Tuesday, 30 November 2010

The Law of Unintended Consequences

In a recent post, Warp and Weft, I was flirting with the idea of adding tension and depth to your narrative by contrasting the style of your writing with the subject matter, suggesting for example that you might try dealing with dark material in a light-hearted manner. With a kind of weird synchronicity, I have just finished reading Alone in Berlin by Hans Fallada, which was first published in 1947 and offers a gripping account of German resistance to the Nazis in Berlin during the Second World War.

Fallada explores what it is like for a country to be occupied by its own bureaucrats and politicians, but he describes the brutalising effect of the Third Reich in an almost picaresque fashion: the boot boys of the Gestapo come across as rogues, an assortment of low lifes on the make, and many of them are fallible, even comic figures.

I found this having a strange effect on me as I was reading: the characters were believable, but the light, almost jaunty way in which Fallada portrayed them became it increasingly alienating.  Their offhand violence and treachery somehow failed to register on an emotional level and I found myself thinking that certainly the first half of the book was almost Brechtian in the style -- I half expected Mother Courage to bob in and burst into song.

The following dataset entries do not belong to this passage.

lemma locally_lipschitz_scaled_diff_tendsto_zero:
  fixes g :: "'a::metric_space \<Rightarrow> 'b::real_normed_vector"
  assumes lip: "locally_lipschitz g" and "y \<longlonglongrightarrow> x" "p \<longlonglongrightarrow> x"
    and c: "\<forall>k. c k \<ge> 0" and "(\<lambda>k. c k * dist (y k) (p k)) \<longlonglongrightarrow> 0"
  shows "(\<lambda>k. c k *\<^sub>R (g (y k) - g (p k))) \<longlonglongrightarrow> 0"
proof -
  obtain U L where U: "open U" "x \<in> U"
    and L: "\<And>y z. y \<in> U \<Longrightarrow> z \<in> U \<Longrightarrow> dist (g y) (g z) \<le> L * dist y z"
    using lip[unfolded locally_lipschitz_def, rule_format, of x] by blast
  have "\<forall>\<^sub>F k in sequentially. y k \<in> U"
    using \<open>y \<longlonglongrightarrow> x\<close> U by (rule topological_tendstoD)
  moreover have "\<forall>\<^sub>F k in sequentially. p k \<in> U"
    using \<open>p \<longlonglongrightarrow> x\<close> U by (rule topological_tendstoD)
  ultimately have "\<forall>\<^sub>F k in sequentially.
      norm (c k *\<^sub>R (g (y k) - g (p k))) \<le> L * (c k * dist (y k) (p k))"
  proof eventually_elim
    case (elim k)
    have "norm (c k *\<^sub>R (g (y k) - g (p k))) = c k * dist (g (y k)) (g (p k))"
      using c by (simp add: dist_norm)
    also have "\<dots> \<le> c k * (L * dist (y k) (p k))"
      using L elim c by (simp add: mult_left_mono)
    finally show ?case
      by (simp add: algebra_simps)
  qed
  moreover have "(\<lambda>k. L * (c k * dist (y k) (p k))) \<longlonglongrightarrow> 0"
    using tendsto_mult_right_zero[OF assms(5)] .
  ultimately show ?thesis
    by (rule Lim_null_comparison)
qed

When the hero Otto Quangel is arrested, the narrative becomes altogether darker and his tribulations are described with such grimness that it was impossible not to be drawn into his plight.  He himself regrets the repressed way in which he has lived his life, and just as he failed to reach out to the people he cared about most, many of Fallada's characters failed to reach out to me.

Which makes me think that if you are experimenting with your writing, using different stylistic techniques, it is important to keep interrogating what you were doing.  Write with your heart, but make sure that your editorial brain stays alert, so that you don't achieve a dazzling effect in one part of your story, only to pay a high price for it somewhere else.